**TASK DESCRIPTION**
Lines in which "where" appears should be pulled from the data below.

**TASK MATERIAL**

▬▬▬

(* Consider the store-and-forward packet routing problem on the uni-directional line with $n$ nodes, buffer size $B=0$ at every node and uniform link capacity $c\ge 1$. The nearest-to-go policy is an optimal policy: for every input sequence $\sigma$ of packet requests, the number of packets it delivers equals the maximum throughput achievable on $\sigma$.
   Context: Store-and-forward packet routing model on the uni-directional line $v_1\to v_2\to\cdots\to v_n$: each edge can carry at most $c$ packets per time step and traversing an edge takes one time step; since $B=0$, nodes cannot store packets. Each packet request $r_i=(a_i,b_i,t_i,d_i)$ has source $a_i$, destination $b_i$ equal to $a_i$ or a later node of the path, input time $t_i$ (the packet is input at $a_i$ at time $t_i$ via a local input; any number of packets may be input to a node in a step), and a deadline $d_i$ that is feasible, i.e. $d_i \ge t_i + \mathrm{dist}(a_i,b_i)$ (possibly $d_i=\infty$). In each time step, each node removes (delivers) the packets destined to it, forwards at most $c$ of the remaining present packets (those arriving along the incoming edge and those input locally) along its outgoing edge, and deletes the rest. Throughput = number of packets delivered by their deadline. The nearest-to-go policy: at each node and time step, among the present packets not destined to the node, forward the (at most) $c$ packets whose destinations are nearest to the node and delete the others. *)

theory Defs
  imports Main "HOL-Library.Extended_Nat"
begin

(* A packet request (a, b, t, d): source node a, destination node b,
   input time t, deadline d (enat, \<infinity> allowed).
   Nodes of the line are 0, ..., n-1; edge v carries packets from v to v+1. *)
record request =
  src :: nat
  dst :: nat
  tin :: nat
  ddl :: enat

definition dist :: "request \<Rightarrow> nat" where
  "dist r = dst r - src r"

definition valid_request :: "nat \<Rightarrow> request \<Rightarrow> bool" where
  "valid_request n r \<longleftrightarrow> src r \<le> dst r \<and> dst r < n \<and> enat (tin r + dist r) \<le> ddl r"

(* With B = 0 a packet can never wait: packet i, if still alive, is at node
   src + k at time tin + k.  A schedule (run of an arbitrary policy) is thus
   described by h i = number of edges packet i traverses before it is
   delivered (h i = dist) or deleted (h i < dist). *)

definition present :: "request list \<Rightarrow> (nat \<Rightarrow> nat) \<Rightarrow> nat \<Rightarrow> nat \<Rightarrow> nat \<Rightarrow> bool" where
  "present \<sigma> h v \<tau> i \<longleftrightarrow> i < length \<sigma> \<and> src (\<sigma>!i) \<le> v \<and>
     \<tau> = tin (\<sigma>!i) + (v - src (\<sigma>!i)) \<and> v - src (\<sigma>!i) \<le> h i"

▬▬▬

**EXERCISE ANSWER**
definition dist :: "request \<Rightarrow> nat" where
definition valid_request :: "nat \<Rightarrow> request \<Rightarrow> bool" where
definition present :: "request list \<Rightarrow> (nat \<Rightarrow> nat) \<Rightarrow> nat \<Rightarrow> nat \<Rightarrow> nat \<Rightarrow> bool" where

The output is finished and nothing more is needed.